Analysing these two waves of infection, a few observations can be made. The third one started from an already high number of cases because the previous wave hadn’t completely subsided, therefore when the Alpha strain started to become the dominant one, cases quickly rebounded. Furthermore, having reached 100% prevalence, the presence of the Alpha VOC did not prevent case numbers from being lowered. This could have been caused by vaccination efforts at the time, seasonality and other public health care measures. The replacement of the Alpha strain by Delta can be clearly observed in Figure 2 when the prevalences of the two variants intersect at a midpoint around week 25.

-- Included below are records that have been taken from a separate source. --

fun dempster_list :: "'a set \<Rightarrow> ('a set \<Rightarrow> real) list \<Rightarrow> 'a set \<Rightarrow> real" where
  "dempster_list S [] = (\<lambda>A. if A = S then 1 else 0)"
| "dempster_list S (m # ms) = foldl (dempster S) m ms"

text \<open>Conditional embedding of a mass m on P (a subset of Theta) into Theta:
  mass m E goes to E \<union> (Theta - P) for E \<subseteq> P.\<close>
definition cond_embed :: "'t set \<Rightarrow> 't set \<Rightarrow> ('t set \<Rightarrow> real) \<Rightarrow> 't set \<Rightarrow> real" where
  "cond_embed \<Theta> P m A = (if \<exists>E. E \<subseteq> P \<and> A = E \<union> (\<Theta> - P) then m (A \<inter> P) else 0)"

definition marginal :: "'w set \<Rightarrow> 't set \<Rightarrow> ('w set \<Rightarrow> 't set) \<Rightarrow> ('t set \<Rightarrow> real) \<Rightarrow> 'w set \<Rightarrow> real" where
  "marginal \<Omega> \<Theta> \<rho> m B = (\<Sum>A\<in>{A. A \<subseteq> \<Theta> \<and> outer_reduction \<Omega> \<rho> A = B}. m A)"

definition vacuous :: "'a set \<Rightarrow> 'a set \<Rightarrow> real" where
  "vacuous S B = (if B = S then 1 else 0)"

end

theory Submission
  imports Defs "HOL-Library.Disjoint_Sets"
begin

text \<open>The conditional embeddings live on the blocks of a partition of \<open>\<Theta>\<close>, so every focal
  element of the \<open>k\<close>-th embedding contains all blocks but the \<open>k\<close>-th one. Hence two focal
  elements of successive combinations never conflict, Dempster's rule needs no normalisation,
  and by induction the focal elements of the combination of the first \<open>k\<close> embeddings are
  \<open>e\<^sub>1 \<union> \<dots> \<union> e\<^sub>k \<union> (\<Theta> - (\<Pi>\<^sub>1 \<union> \<dots> \<union> \<Pi>\<^sub>k))\<close> with \<open>e\<^sub>i\<close> focal for \<open>m\<^sub>i\<close>. For \<open>k = N\<close> the
  complement is empty, and since each \<open>e\<^sub>i\<close> is a nonempty subset of \<open>\<Pi>\<^sub>i\<close>, every focal element
  meets every block, i.e. its outer reduction is all of \<open>\<Omega>\<close>.\<close>

lemma focal_subset: "is_mass S m \<Longrightarrow> focal m A \<Longrightarrow> A \<subseteq> S"
  unfolding is_mass_def focal_def by force

lemma focal_nonempty: "is_mass S m \<Longrightarrow> focal m A \<Longrightarrow> A \<noteq> {}"
  unfolding is_mass_def focal_def by force

lemma sum_dempster_unnorm:
  assumes "finite S"
  shows "(\<Sum>A\<in>Pow S. dempster_unnorm S m1 m2 A) = (\<Sum>B\<in>Pow S. m1 B) * (\<Sum>C\<in>Pow S. m2 C)"
proof -
  let ?h = "\<lambda>(B, C). m1 B * m2 C"
  have "dempster_unnorm S m1 m2 A = sum ?h {x \<in> Pow S \<times> Pow S. (\<lambda>(B, C). B \<inter> C) x = A}" for A
    unfolding dempster_unnorm_def by (rule sum.cong) auto
  then have "(\<Sum>A\<in>Pow S. dempster_unnorm S m1 m2 A) = sum ?h (Pow S \<times> Pow S)"
    using assms by (simp only:) (rule sum.group, auto)
  then show ?thesis
    by (simp add: sum_product sum.cartesian_product)
qed

lemma dempster_unnorm_nonneg:
  assumes "is_mass S m1" "is_mass S m2"
  shows "0 \<le> dempster_unnorm S m1 m2 A"
  using assms unfolding dempster_unnorm_def is_mass_def
  by (intro sum_nonneg) (auto intro: mult_nonneg_nonneg)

When developing the mathematical model, multiple approaches were considered from linear models [15] to more complex multi-parameter ones based on a series of differential equations [16]. From these, the one proposed by Baranyi [9] was eventually used, albeit in a closed form, as it both described the changing prevalence well, with the added benefit of the extra parameter of the lag time ($t_{lag}$), which in an epidemiological context is an important element to estimate. More specifically in this study, the accurate determination of the lag time permitted a reliable correlation with the onset of new waves of infection. Furthermore, the implementation of a custom equation permitted in the case of the Alpha strain an evaluation of both the growth and extinction phases, which could be useful in the eventuality of a subsequent variant replacing the Delta strain.

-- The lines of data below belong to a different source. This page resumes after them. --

(* Let ${\bf p}\in M_n(k)$ be an AST-matrix of order $m$. Then the algebra $\mathcal O_{{\bf p},{\bf 1}}(S_{mn})$ is non-zero.
   Context: $k$ is a field of characteristic zero, $m,n\ge 2$ are integers, and $\xi\in k$ is a primitive $m$-th root of unity. For $i\in\{1,\dots,mn\}$ put $i^*=\lceil i/m\rceil\in\{1,\dots,n\}$. A matrix ${\bf p}=(p_{ij})\in M_n(k)$ is an AST-matrix if $p_{ii}=1$ and $p_{ij}p_{ji}=1$ for all $i,j$; it has order $m$ if $p_{ij}^m=1$ for all $i,j$; ${\bf 1}$ denotes the AST-matrix with all entries $1$. For $i,j,k,l\in\{1,\dots,mn\}$ put $R^{lk}_{ij}({\bf p})=\delta_{i^*k^*}\delta_{j^*l^*}\sum_{r,s=0}^{m-1}\xi^{r(i-k)+s(j-l)}p_{j^*i^*}^{rs}$. For AST-matrices ${\bf p},{\bf q}$ of order $m$, $\mathcal O_{{\bf q},{\bf p}}(S_{mn})$ is the universal algebra with generators $x_{ij}$, $1\le i,j\le mn$, and relations $x_{ij}x_{ik}=\delta_{jk}x_{ij}$, $x_{ji}x_{ki}=\delta_{jk}x_{ji}$, $\sum_{l=1}^{mn}x_{il}=1=\sum_{l=1}^{mn}x_{li}$ for $1\le i,j,k\le mn$, and $\sum_{k,l}R^{lk}_{ij}({\bf p})x_{\alpha l}x_{\beta k}=\sum_{k,l}R^{\alpha\beta}_{lk}({\bf q})x_{li}x_{kj}$ for $1\le i,j,\alpha,\beta\le mn$. *)

theory Defs
  imports Complex_Main
begin

definition AST_matrix :: "nat \<Rightarrow> (nat \<Rightarrow> nat \<Rightarrow> 'k::field) \<Rightarrow> bool" where
  "AST_matrix n p \<longleftrightarrow> (\<forall>i\<in>{1..n}. p i i = 1) \<and> (\<forall>i\<in>{1..n}. \<forall>j\<in>{1..n}. p i j * p j i = 1)"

The main value of performing mutation screening assays is perhaps their predictive value. For the third and fourth waves of COVID-19 cases occurring in Romania, the points of inflexion that corresponds to the beginning of the exponential growth phase of each VOC’s prevalence (Alpha and Delta respectively) were situated 5 weeks prior to the beginning of the exponential growth phase of case numbers per week (Figure 2). These genotyping assays yield optimal results when the used markers are frequently reevaluated based on the emerging epidemiological data regarding new strains and subsequently changed in order to facilitate the early detection of new VOCs. The selection of these mutations must be done with care, taking into consideration both a high prevalence in the new variant, but also for it to be sufficiently distinctive for that strain. If mutation screening assays are performed regularly and the sample is representative enough, the rapid increase in prevalence of a new VOC could predict a subsequent increase in case numbers [17]. In general, public health authorities adopt measures to limit the spread of SARS-CoV-2 only after the number of cases increases above a threshold, which raises the following question: can the efficiency of these measures be increased if they are adopted even earlier, when the prevalence of a VOC increases exponentially? For that reason, raising awareness about the efficacy of mutation screening for predicting waves of infection could help authorities adopt better measures in the future.

5. Conclusions

This study used a set of methods, both molecular (genotyping) and mathematical, that could serve as complementary tools to whole genome sequencing for a quick and reliable way of tracking the rapid and frequent changes in the mutational landscape of SARS-CoV-2. The main advantages of this approach were not only comparable detection capabilities with a substantially lower cost, but also the ability to identify a 5 week gap between the exponential growth of a new strain and the eventual beginning of a new wave of infections.